# Task brief
If a line in the listing below contains "shows", return that line.

# Record set
lemma fk_spec_partner:
  assumes k: "k \<ge> 1"
  shows "fk_spec k (partner k)"
proof -
  have "partner k y \<le> partner k x" if xy: "x \<in> {0..1}" "y \<in> {0..1}" "x \<le> y" for x y
  proof (cases "y \<le> peak k")
    case True
    then have "hump k x \<le> hump k y" using hump_le_iff_left[OF k, of x y] xy by auto
    then show ?thesis
      using partner_left[OF k, of x] partner_left[OF k, of y] xy True
        hump_le_iff_right[OF k, of "partner k x" "partner k y"] by auto
  next
    case False
    show ?thesis
    proof (cases "x \<le> peak k")
      case True
      then show ?thesis using partner_left[OF k, of x] partner_right[OF k, of y] xy False by auto
    next
      case False
      then have "hump k y \<le> hump k x" using hump_le_iff_right[OF k, of y x] xy by auto
      then show ?thesis
        using partner_right[OF k, of x] partner_right[OF k, of y] xy False \<open>\<not> y \<le> peak k\<close>
          hump_le_iff_left[OF k, of "partner k y" "partner k x"] by auto
    qed
  qed
  then show ?thesis
    using partner_range[OF k] unfolding fk_spec_def hump_def by auto
qed

text \<open>Every function meeting the specification fixes the peak (by injectivity on either
  side of it) and therefore, being antitone, swaps the two sides: it is the partner map.\<close>
lemma fk_spec_unique:
  assumes k: "k \<ge> 1" and f: "fk_spec k f" and x: "x \<in> {0..1}"
  shows "f x = partner k x"
proof -
  have c: "0 < peak k" "peak k < 1" using peak_bounds[OF k] by auto
  have range: "f y \<in> {0..1}" "hump k (f y) = hump k y" if "y \<in> {0..1}" for y
    using f that unfolding fk_spec_def hump_def by auto
  have anti: "f b \<le> f a" if "a \<in> {0..1}" "b \<in> {0..1}" "a \<le> b" for a b
    using f that unfolding fk_spec_def by auto
  have fixed: "f (peak k) = peak k"
    using range[of "peak k"] c
      hump_le_iff_left[OF k, of "f (peak k)" "peak k"] hump_le_iff_left[OF k, of "peak k" "f (peak k)"]
      hump_le_iff_right[OF k, of "f (peak k)" "peak k"] hump_le_iff_right[OF k, of "peak k" "f (peak k)"]
    by (cases "f (peak k) \<le> peak k") auto
  show ?thesis
  proof (cases "x \<le> peak k")
    case True
    then have "peak k \<le> f x" using anti[of x "peak k"] fixed x c by auto
    then show ?thesis
      using range[OF x] partner_left[OF k, of x] True x hump_le_iff_right[OF k, of "f x" "partner k x"]
        hump_le_iff_right[OF k, of "partner k x" "f x"] by auto
  next
    case False
    then have "f x \<le> peak k" using anti[of "peak k" x] fixed x c by auto
    then show ?thesis
      using range[OF x] partner_right[OF k, of x] False x hump_le_iff_left[OF k, of "f x" "partner k x"]
        hump_le_iff_left[OF k, of "partner k x" "f x"] by auto
  qed
qed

# Solution to the exercise
  shows "fk_spec k (partner k)"
  shows "f x = partner k x"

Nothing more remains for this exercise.